→ **Task to complete**:
From the entries below, copy every line where the string "moreover" appears.

→ **Data to process**:
lemma last_concat_terminated: "us \<noteq> [] \<Longrightarrow> last (concat_terminated b us) = b"
  by (induct us) auto

lemma length_lt_concat_terminated: "u \<in> set us \<Longrightarrow> length u < length (concat_terminated b us)"
  by (induct us) auto

lemma concat_terminated_inject:
  assumes "\<forall>u\<in>set us. b \<notin> set u" "\<forall>v\<in>set vs. b \<notin> set v"
    and "concat_terminated b us = concat_terminated b vs"
  shows "us = vs"
  using assms
proof (induct us arbitrary: vs)
  case Nil
  then show ?case by (cases vs) auto
next
  case (Cons u us)
  obtain v vs' where vs: "vs = v # vs'"
    using Cons.prems(3) by (cases vs) auto
  have "u @ b # concat_terminated b us = v @ b # concat_terminated b vs'"
    using Cons.prems(3) unfolding vs by simp
  moreover have "b \<notin> set u" "b \<notin> set v"
    using Cons.prems(1,2) unfolding vs by auto
  ultimately have "u = v" "concat_terminated b us = concat_terminated b vs'"
    by (simp_all add: append_Cons_eq_append_Cons_iff)
  moreover have "us = vs'"
    using Cons.hyps[of vs'] Cons.prems(1,2) \<open>concat_terminated b us = concat_terminated b vs'\<close>
    unfolding vs by (meson list.set_intros(2))
  ultimately show ?case
    unfolding vs by simp
qed

lemma avoids_abab_concat_terminated:
  assumes "\<forall>u\<in>set us. avoids_abab u \<and> b \<notin> set u"
    and "sorted_wrt (\<lambda>u v. set u \<inter> set v = {}) us"
  shows "avoids_abab (concat_terminated b us)"
proof -
  have "avoids_abab (concat_terminated b us) \<and>
    (\<forall>c. c \<noteq> b \<longrightarrow> \<not> subseq [c, b, c] (concat_terminated b us))"
    using assms
  proof (induct us)
    case Nil
    then show ?case by (simp add: avoids_abab_def)
  next
    case (Cons u us)
    have u: "avoids_abab u" "b \<notin> set u"
      using Cons.prems(1) by auto
    have no_cbc_u: "\<not> subseq [c, b, c] u" for c
      using u(2) by (auto dest: set_subseq_subset)
    have no_cbc_b: "\<not> subseq [c, b, c] [b]" for c
      by (auto dest: list_emb_length)
    have "avoids_abab [b]"
      by (auto simp: avoids_abab_def dest: list_emb_length)
    then have block: "avoids_abab (u @ [b])"
      using avoids_abab_append[of u "[b]" b] u no_cbc_u no_cbc_b by auto
    have no_cbc_block: "\<not> subseq [c, b, c] (u @ [b])" if "c \<noteq> b" for c
      using not_subseq_cbc_append[of u "[b]" b c] u(2) that no_cbc_u no_cbc_b by auto
    have "set (u @ [b]) \<inter> set (concat_terminated b us) \<subseteq> {b}"
      using Cons.prems(2) by (auto simp: set_concat_terminated)
    moreover have "avoids_abab (concat_terminated b us)"
      "\<And>c. c \<noteq> b \<Longrightarrow> \<not> subseq [c, b, c] (concat_terminated b us)"
      using Cons by auto
    ultimately show ?case
      using avoids_abab_append[OF block] not_subseq_cbc_append[of "u @ [b]"] no_cbc_block
      by simp
  qed
  then show ?thesis ..
qed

→ **Written response**:
  moreover have "b \<notin> set u" "b \<notin> set v"
  moreover have "us = vs'"
    moreover have "avoids_abab (concat_terminated b us)"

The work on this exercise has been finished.